DeepSeek Researcher Develops Automated Research Skill: Writing a Paper with Only 2 Hours of Human Brain Time
DeepSeek researcher Chen Deli used his self-developed DeliAutoResearch skill, collaborating with DeepSeek-V4-Pro and GPT-Image2, to complete a 46-page paper in just 6 days. The paper introduces an L1-L5 autonomy classification for research agents, analyzes four architectural patterns and 17 mainstream systems, and identifies six open problems. Chen Deli says only about 2 hours of human 'CPU time' were needed, with the rest handled by AI agents.
Article intelligence
Key points
- Chen Deli's DeliAutoResearch skill enabled the paper to be 99% written by AI agents.
- The paper proposes an L1-L5 autonomy classification for research agents, analogous to SAE levels for autonomous driving.
- Four architectural patterns are analyzed: single-agent loop, multi-agent collaboration, hierarchical scheduling, and tool-enhanced execution.
- Six open problems are highlighted, including cognitive loop traps, context limitations, and innovation assessment.
Why it matters
This matters because chen Deli's DeliAutoResearch skill enabled the paper to be 99% written by AI agents.
Technical impact
May affect model selection, inference cost, product capability, and evaluation benchmarks.
DeepSeek researcher Chen Deli has demonstrated a striking example of AI-driven research automation. Using his self-developed DeliAutoResearch skill, Chen collaborated with DeepSeek-V4-Pro for research and writing, and GPT-Image2 for generating figures, to produce a 46-page survey paper in just six days. The paper underwent six iterations (V1: four times, V2: once, V3: once), totaling approximately 108 agent calls, consuming 648,000 tokens, and generating 2,234 lines of LaTeX code. All 103 references were verified, and the paper includes seven figures and four tables.

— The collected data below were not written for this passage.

text \<open>
  A multilinear F is affine in every coordinate, so its k-th partial derivative is the
  half-difference of F between x_k = 1 and x_k = -1. Moving another coordinate j of the base
  point by d changes this half-difference by d times a mixed second difference of F, which is
  at most alpha on the cube. Hence every partial derivative is alpha-Lipschitz for the l1
  distance, and by Cauchy-Schwarz the gradient satisfies
  (grad F u - grad F v) . (u - v) <= alpha n |u - v|^2 on the cube. Integrating along segments
  gives the descent lemma with L = alpha n, and the variational inequality of the projection
  turns it into the sufficient-decrease estimate of projected gradient descent for eta <= 1/L.
\<close>

lemma has_real_derivative_along_line:
  fixes F :: "'a::real_inner \<Rightarrow> real"
  assumes "(F has_derivative (\<lambda>h. g \<bullet> h)) (at (x + s *\<^sub>R d))"
  shows "((\<lambda>t. F (x + t *\<^sub>R d)) has_real_derivative (g \<bullet> d)) (at s)"
proof -
  have line: "((\<lambda>t::real. x + t *\<^sub>R d) has_derivative (\<lambda>t. t *\<^sub>R d)) (at s)"
    by (auto intro!: derivative_eq_intros)
  have "((F \<circ> (\<lambda>t. x + t *\<^sub>R d)) has_derivative (\<lambda>t. g \<bullet> (t *\<^sub>R d))) (at s)"
    using diff_chain_at[OF line assms] by (simp add: o_def)
  moreover have "(\<lambda>t. g \<bullet> (t *\<^sub>R d)) = (*) (g \<bullet> d)"
    by (auto simp: mult.commute)
  ultimately show ?thesis
    by (simp add: has_field_derivative_def o_def)
qed

lemma descent_lemma:
  fixes F :: "'a::real_inner \<Rightarrow> real"
  assumes der: "\<And>y. y \<in> S \<Longrightarrow> (F has_derivative (\<lambda>h. gF y \<bullet> h)) (at y)"
    and smooth: "\<And>u v. u \<in> S \<Longrightarrow> v \<in> S \<Longrightarrow> (gF u - gF v) \<bullet> (u - v) \<le> L * (norm (u - v))\<^sup>2"
    and "convex S" and x: "x \<in> S" and y: "y \<in> S"
  shows "F y - F x - gF x \<bullet> (y - x) \<le> L / 2 * (norm (y - x))\<^sup>2"
proof -
  define d where "d = y - x"
  define h where "h s = F (x + s *\<^sub>R d) - s * (gF x \<bullet> d) - L / 2 * s\<^sup>2 * (norm d)\<^sup>2" for s
  have "h 1 \<le> h 0"
  proof (rule DERIV_nonpos_imp_nonincreasing[OF zero_le_one])
    fix s :: real
    assume s: "0 \<le> s" "s \<le> 1"
    define z where "z = x + s *\<^sub>R d"
    have z: "z \<in> S"
      using convexD[OF \<open>convex S\<close> x y, of "1 - s" s] s by (simp add: z_def d_def algebra_simps)
    have "s * ((gF z - gF x) \<bullet> d) \<le> s * (L * s * (norm d)\<^sup>2)"
      using smooth[OF z x] by (simp add: z_def power2_eq_square algebra_simps)
    then have "(gF z - gF x) \<bullet> d \<le> L * s * (norm d)\<^sup>2"
      using s by (cases "s = 0") (auto simp: z_def mult_le_cancel_left)
    then have "gF z \<bullet> d - gF x \<bullet> d - L * s * (norm d)\<^sup>2 \<le> 0"
      by (simp add: inner_diff_left)
    moreover have "(h has_real_derivative gF z \<bullet> d - gF x \<bullet> d - L * s * (norm d)\<^sup>2) (at s)"
      unfolding h_def z_def
      by (rule derivative_eq_intros has_real_derivative_along_line der refl z[unfolded z_def] | simp)+
    ultimately show "\<exists>y. (h has_real_derivative y) (at s) \<and> y \<le> 0"
      by blast
  qed
  then show ?thesis
    by (simp add: h_def d_def)
qed

lemma projected_gradient_step_decrease:
  fixes F :: "'a::euclidean_space \<Rightarrow> real"
  assumes "closed S" "convex S" "x \<in> S" "0 < \<eta>" "\<eta> * L \<le> 1"
    and descent: "F y - F x - g \<bullet> (y - x) \<le> L / 2 * (norm (y - x))\<^sup>2"
    and y: "y = closest_point S (x - \<eta> *\<^sub>R g)"
  shows "F y - F x \<le> - (\<eta> / 2) * (norm ((1 / \<eta>) *\<^sub>R (x - y)))\<^sup>2"
proof -
  define N where "N = (norm (y - x))\<^sup>2"
  have "(x - \<eta> *\<^sub>R g - y) \<bullet> (x - y) \<le> 0"
    unfolding y by (rule closest_point_dot[OF assms(2,1,3)])
  then have "\<eta> * (g \<bullet> (y - x)) \<le> - N"
    by (simp add: N_def power2_norm_eq_inner algebra_simps inner_diff_left inner_diff_right)
  then have "g \<bullet> (y - x) \<le> - N / \<eta>"
    using \<open>0 < \<eta>\<close> by (simp add: field_simps)
  moreover have "L / 2 * N \<le> N / (2 * \<eta>)"
    using mult_right_mono[OF \<open>\<eta> * L \<le> 1\<close>, of N] \<open>0 < \<eta>\<close> by (simp add: N_def field_simps)
  ultimately have "F y - F x \<le> - N / (2 * \<eta>)"
    using descent by (simp add: N_def)
  also have "\<dots> = - (\<eta> / 2) * (N / \<eta>\<^sup>2)"
    using \<open>0 < \<eta>\<close> by (simp add: field_simps power2_eq_square)
  also have "N / \<eta>\<^sup>2 = (norm ((1 / \<eta>) *\<^sub>R (x - y)))\<^sup>2"
    using \<open>0 < \<eta>\<close> by (simp add: N_def norm_minus_commute power_divide)
  finally show ?thesis .
qed

definition upd_coord :: "real^'n \<Rightarrow> 'n \<Rightarrow> real \<Rightarrow> real^'n" where
  "upd_coord z k t = (\<chi> i. if i = k then t else z $ i)"

lemma upd_coord_nth [simp]: "upd_coord z k t $ i = (if i = k then t else z $ i)"
  by (simp add: upd_coord_def)

lemma upd_coord_upd_coord_same [simp]: "upd_coord (upd_coord z k s) k t = upd_coord z k t"
  by (simp add: vec_eq_iff)

lemma upd_coord_commute: "j \<noteq> k \<Longrightarrow> upd_coord (upd_coord z k s) j t = upd_coord (upd_coord z j t) k s"
  by (simp add: vec_eq_iff)

lemma upd_coord_nth_self [simp]: "upd_coord z k (z $ k) = z"
  by (simp add: vec_eq_iff)

lemma upd_coord_in_cube: "z \<in> cube \<Longrightarrow> \<bar>t\<bar> \<le> 1 \<Longrightarrow> upd_coord z k t \<in> cube"
  by (auto simp: cube_def)

lemma cube_eq_cbox: "cube = cbox (-1) (1::real^'n)"
  by (auto simp: cube_def mem_box_cart)

lemma abs_nth_le_1_if_in_cube: "z \<in> cube \<Longrightarrow> \<bar>z $ i\<bar> \<le> 1"
  by (simp add: cube_def abs_le_iff)

lemma closed_cube: "closed cube" and convex_cube: "convex cube"
  by (simp_all add: cube_eq_cbox closed_cbox)

lemma proj_cube_in_cube:
  fixes y :: "real^'n"
  shows "proj_cube y \<in> cube"
proof -
  have "(0 :: real^'n) \<in> cube"
    by (simp add: cube_def)
  then show ?thesis
    unfolding proj_cube_def by (intro closest_point_in_set closed_cube) blast
qed

definition coord_slope :: "(real^'n \<Rightarrow> real) \<Rightarrow> real^'n \<Rightarrow> 'n \<Rightarrow> real" where
  "coord_slope F z k = (F (upd_coord z k 1) - F (upd_coord z k (-1))) / 2"

lemma coord_slope_upd_coord_same [simp]: "coord_slope F (upd_coord z k t) k = coord_slope F z k"
  by (simp add: coord_slope_def)

lemma multilinear_affine_in_coord:
  assumes "multilinear F"
  obtains a b where "\<And>t. F (upd_coord z k t) = a + t * b"
proof -
  obtain c where F: "\<And>x. F x = (\<Sum>S\<in>UNIV. c S * (\<Prod>i\<in>S. x $ i))"
    using assms unfolding multilinear_def by blast
  have monomial: "c S * (\<Prod>i\<in>S. upd_coord z k t $ i)
      = (if k \<in> S then 0 else c S * (\<Prod>i\<in>S. z $ i))
        + t * (if k \<in> S then c S * (\<Prod>i\<in>S - {k}. z $ i) else 0)" for S t
  proof (cases "k \<in> S")
    case True
    then have "(\<Prod>i\<in>S. upd_coord z k t $ i) = t * (\<Prod>i\<in>S - {k}. upd_coord z k t $ i)"
      by (simp add: prod.remove)
    also have "(\<Prod>i\<in>S - {k}. upd_coord z k t $ i) = (\<Prod>i\<in>S - {k}. z $ i)"
      by (rule prod.cong) auto
    finally show ?thesis
      using True by simp
  qed (auto intro: prod.cong)
  show thesis
    by (rule that[of "\<Sum>S\<in>UNIV. if k \<in> S then 0 else c S * (\<Prod>i\<in>S. z $ i)"
          "\<Sum>S\<in>UNIV. if k \<in> S then c S * (\<Prod>i\<in>S - {k}. z $ i) else 0"])
      (simp only: F monomial sum.distrib sum_distrib_left)
qed

lemma multilinear_upd_coord_diff:
  assumes "multilinear F"
  shows "F (upd_coord z k t) - F (upd_coord z k t') = (t - t') * coord_slope F z k"
proof -
  obtain a b where "\<And>t. F (upd_coord z k t) = a + t * b"
    using multilinear_affine_in_coord[OF assms, where z = z and k = k] by metis
  then show ?thesis
    by (simp add: coord_slope_def algebra_simps)
qed

lemma abs_coord_slope_le:
  assumes bound: "\<And>y. y \<in> cube \<Longrightarrow> \<bar>F y\<bar> \<le> \<alpha>" and "z \<in> cube"
  shows "\<bar>coord_slope F z k\<bar> \<le> \<alpha>"
proof -
  have "\<bar>F (upd_coord z k 1)\<bar> \<le> \<alpha>" "\<bar>F (upd_coord z k (-1))\<bar> \<le> \<alpha>"
    using bound upd_coord_in_cube[OF \<open>z \<in> cube\<close>] by auto
  then show ?thesis
    by (simp add: coord_slope_def abs_le_iff)
qed

lemma coord_slope_upd_coord_diff:
  assumes ml: "multilinear F" and bound: "\<And>y. y \<in> cube \<Longrightarrow> \<bar>F y\<bar> \<le> \<alpha>"
    and z: "z \<in> cube"
  shows "\<bar>coord_slope F (upd_coord z j t) k - coord_slope F (upd_coord z j t') k\<bar> \<le> \<alpha> * \<bar>t - t'\<bar>"
proof (cases "j = k")
  case True
  have "0 \<le> \<alpha>"
    using bound[OF z] by simp
  with True show ?thesis
    by simp
next
  case False
  have "coord_slope F (upd_coord z j t) k - coord_slope F (upd_coord z j t') k
      = ((F (upd_coord (upd_coord z k 1) j t) - F (upd_coord (upd_coord z k 1) j t'))
        - (F (upd_coord (upd_coord z k (-1)) j t) - F (upd_coord (upd_coord z k (-1)) j t'))) / 2"
    by (simp add: coord_slope_def upd_coord_commute[OF False] diff_divide_distrib)
  also have "\<dots> = (t - t') * (coord_slope F (upd_coord z k 1) j - coord_slope F (upd_coord z k (-1)) j) / 2"
    by (simp only: multilinear_upd_coord_diff[OF ml] right_diff_distrib)
  finally have diff: "\<bar>coord_slope F (upd_coord z j t) k - coord_slope F (upd_coord z j t') k\<bar>
      = \<bar>t - t'\<bar> * \<bar>coord_slope F (upd_coord z k 1) j - coord_slope F (upd_coord z k (-1)) j\<bar> / 2"
    by (simp only: abs_mult abs_divide abs_numeral)
  have "\<bar>coord_slope F (upd_coord z k 1) j\<bar> \<le> \<alpha>" "\<bar>coord_slope F (upd_coord z k (-1)) j\<bar> \<le> \<alpha>"
    using abs_coord_slope_le[OF bound upd_coord_in_cube[OF z]] by simp_all
  then have "\<bar>coord_slope F (upd_coord z k 1) j - coord_slope F (upd_coord z k (-1)) j\<bar> \<le> 2 * \<alpha>"
    by linarith
  then have "\<bar>t - t'\<bar> * \<bar>coord_slope F (upd_coord z k 1) j - coord_slope F (upd_coord z k (-1)) j\<bar>
      \<le> \<bar>t - t'\<bar> * (2 * \<alpha>)"
    by (rule mult_left_mono) simp
  then show ?thesis
    unfolding diff by (simp add: algebra_simps)
qed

Chen Deli claims that only about 1% of the paper was directly written by him, with the remaining 99% generated by AI agents. The human effort, he notes, amounted to less than two hours of "CPU time" for his brain, whereas similar work would have previously required at least a month. The paper itself addresses the chaotic landscape of autonomous research agents by introducing a clear L1–L5 autonomy classification system, inspired by the SAE levels for autonomous driving.
The classification ranges from L1 (basic autocomplete, like early GitHub Copilot) to L5 (fully autonomous agenda-setting, still unrealized). According to the paper, the current frontier is at L4, where agents can execute multi-step experiments and write papers within a restricted domain, but cannot independently choose research questions. The paper argues that the true bottlenecks are not model capabilities but "continuous knowledge accumulation" and "reliable self-assessment."
In addition to the autonomy levels, the paper identifies four major architectural patterns for research agents: single-agent loop (e.g., ReAct, Reflexion), multi-agent collaboration (e.g., CAMEL, AutoGen), hierarchical scheduling (e.g., Claude Code, Devin), and tool-enhanced execution (e.g., SWE-Agent). Each pattern has its strengths and is suited to different tasks. The paper then evaluates 17 existing autonomous research systems using a six-dimensional feature matrix, revealing that the field has evolved from early fragile prototypes to L4 specialized systems, with code agents being the most mature.
Finally, the paper outlines six open problems: cognitive loop traps, context limitations, innovation assessment, reproducibility, safety and ethics, and cost issues. Chen Deli also shares a personal note: thanks to AI agents, he has been able to resume blogging and other creative work that he had put aside due to burnout. He emphasizes that the human role is shifting from executor to initiator.